The violent death of young Tullamore teacher Ashling Murphy has shocked the entire country. While we can’t influence every factor that leads to men’s violence towards women, as parents, we can help shape our boys’ attitudes
Ashling Murphy’s murder was shocking and horrifying. The chief suspect in that murder investigation is a man. Perhaps this is no surprise. According to the United Nations Office of Drugs and Crime, 95pc of murders are committed by men. Two hundred and thirty-six women had died violently in Ireland up to 2020, at the hands of men, since Women’s Aid started to record these deaths in 1996.
According to research, there is a complex interplay between individual, relationship, community and societal factors that may lead to gender-based violence against women. You may not be able to directly change or influence some of these factors, but there are some insights from research that might help you to help your son avoid growing into the kind of man who can be violent towards women.
There are two aspects of the socialisation of boys on their journey to manhood that I will focus on in this article. The first aspect is the family circumstances that seem to project some boys into a particular pattern of deviancy. The second aspect is the gender stereotypes that box men into certain attitudes and beliefs about girls and women, and also influence their beliefs about what it is to be a man. I’m focusing on these areas because these are things you can influence as the parent of a boy.
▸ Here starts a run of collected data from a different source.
(* Let $G$ be a free abelian group with a basis $E$, let $e\in E$, let $\check G$ be the subgroup generated by $E\setminus\{e\}$, and let $\lambda$ be the shift on $(G,e)^{\otimes\mathbb{Z}}$. Then (i) $\ker(\mathrm{id}-\lambda)=\mathbb{Z}e^{\otimes\mathbb{Z}}$; (ii) $(G,e)^{\otimes\mathbb{Z}}=(\mathrm{id}-\lambda)\big((G,e)^{\otimes\mathbb{Z}}\big)\oplus H(G,e)$ (internal direct sum). In particular, $H(G,e)$ is isomorphic to the cokernel of $\mathrm{id}-\lambda$.
   Context: $(G,e)^{\otimes\mathbb{Z}}$ is the inductive limit of $G\to G^{\otimes3}\to G^{\otimes5}\to\cdots$ (tensor products over $\mathbb{Z}$) with connecting maps $x\mapsto e\otimes x\otimes e$; equivalently it is the span of formal tensors $\bigotimes_{i\in\mathbb{Z}}x_i$ with $x_i\in G$ and $x_i=e$ for all but finitely many $i$. $e^{\otimes\mathbb{Z}}=\bigotimes_{i\in\mathbb{Z}}e$. The shift $\lambda$ is the automorphism with $\lambda(\bigotimes_i x_i)=\bigotimes_i x_{i-1}$. $\check G\otimes G^{\otimes\mathbb{N}}$ denotes the span of those $\bigotimes_i x_i$ with $x_0\in\check G$ and $x_i=e$ for all $i<0$, and $H(G,e):=\mathbb{Z}e^{\otimes\mathbb{Z}}+\check G\otimes G^{\otimes\mathbb{N}}$. *)

theory Defs
  imports Main
begin

definition zspan :: "('a \<Rightarrow> int) set \<Rightarrow> ('a \<Rightarrow> int) set" where
  "zspan S = {f. \<exists>A c. finite A \<and> A \<subseteq> S \<and> f = (\<lambda>x. \<Sum>s\<in>A. c s * s x)}"
lemma dot_Suc_fun_upd: "dot (Suc n) (w(n := t)) d = dot n w d + t * of_int (d n)"
  by (simp add: dot_def)

definition fourier_motzkin_elim :: "nat \<Rightarrow> (nat \<Rightarrow> int) set \<Rightarrow> (nat \<Rightarrow> int) set" where
  "fourier_motzkin_elim j D = {d \<in> D. d j = 0} \<union>
     (\<lambda>(p, q) i. p j * q i - q j * p i) ` {(p, q) \<in> D \<times> D. 0 < p j \<and> q j < 0}"

lemma finite_fourier_motzkin_elim: "finite D \<Longrightarrow> finite (fourier_motzkin_elim j D)"
  unfolding fourier_motzkin_elim_def by (auto intro: finite_subset[of _ "D \<times> D"])

lemma fourier_motzkin_elim_vanishes: "d \<in> fourier_motzkin_elim j D \<Longrightarrow> d j = 0"
  unfolding fourier_motzkin_elim_def by (auto simp: mult.commute)

lemma fourier_motzkin_elim_subset_add_closure: "fourier_motzkin_elim j D \<subseteq> add_closure D"
proof
  fix d assume "d \<in> fourier_motzkin_elim j D"
  then consider "d \<in> D" | p q where "p \<in> D" "q \<in> D" "0 < p j" "q j < 0"
      "d = (\<lambda>i. p j * q i - q j * p i)"
    unfolding fourier_motzkin_elim_def by auto
  then show "d \<in> add_closure D"
  proof cases
    case 2
    have "(\<lambda>i. p j * q i) + (\<lambda>i. - q j * p i) \<in> add_closure D"
      using 2 by (intro add_closure.add add_closure_scale add_closure.base) auto
    then show ?thesis using 2 by (simp add: plus_fun_def)
  qed (rule add_closure.base)
qed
Boys who grow up in a coercive family environment fail to develop good self-regulation and social skills. Boys who are exposed to high levels of stressful family conflict, ineffective but punitive discipline and disengaged parenting, learn to develop their own range of aggressive and coercive behaviour, to try to overcome others’ power or to avoid things they don’t like. This in turn will often lead those children to struggle in school, where they are not liked by their peers (because of “mean” behaviour) and get into trouble frequently. By the time they reach secondary school they are more likely to group together with others like themselves.
What is most interesting is that these groups then tend to reinforce anti-social, violent, aggressive or misogynistic views. One study showed, for example, that teenage boys who talked about any kind of deviant behaviour which got a laugh from their mates, were encouraged to talk more about such deviant behaviour making it more likely to become a norm for the individual which was acted out in increased delinquency in the following two years.
Another study found that the levels of hostile talk about girls and women (derogatory, disrespectful, devaluing talk, or talk endorsing aggressive behaviour towards women), among 17- and 18-year-old boys predicted their actual aggression toward a partner at age 20.
The attitudes that boys and men have about and towards women are predominantly derived from gender stereotypes. Traditional male gender norms still include being tough, being dominant, being divorced from emotions and holding power over women in particular. Female gender norms are more likely to incorporate empathy, sensitivity, devotion and altruism.
When boys don’t fit these norms, they get strong and repeated messages from peers (and sometimes parents or other adults) to conform to what is expected. “Don’t be a sissy”, “boys don’t cry”, “boys will be boys” (as an excuse for aggressive or violent interactions), “man up”, “he picks on you because he likes you”.
The very same traits of competitiveness or dominance are belittled in girls. For example, boys get told that girls are “bossy” (when they show leadership), or “uptight” (when they resist a challenge to their boundaries), or a “tomboy” (shaming a girl for having the same traits as a boy).
These kinds of stereotypes, that limit both boys and girls, are bound into the fabric of the attitudes that many of us will unknowingly and even unintentionally express.
These stereotypes are what boys need to see and hear us challenge. They need to experience their parents as warm, understanding, emotive and engaged. We cannot parent our boys with threat or violence. We must create home environments that balance high expectations of appropriate behaviour with high levels of appropriate responsiveness to the emotional world of our children.
Boys need to hear other boys and men talk about a breadth of masculinity that stretches way beyond the stereotypes of power, dominance and toughness. Boys need to be surrounded by men who are empathetic so they can learn to use empathy. Boys need to experience compassion from other boys and men so that they can be compassionate.
If we are to address gender-based violence in memory of all women killed by men, we must actively socialise boys to be respectful, considerate, responsible, emotionally attuned, and equal in their views and actions.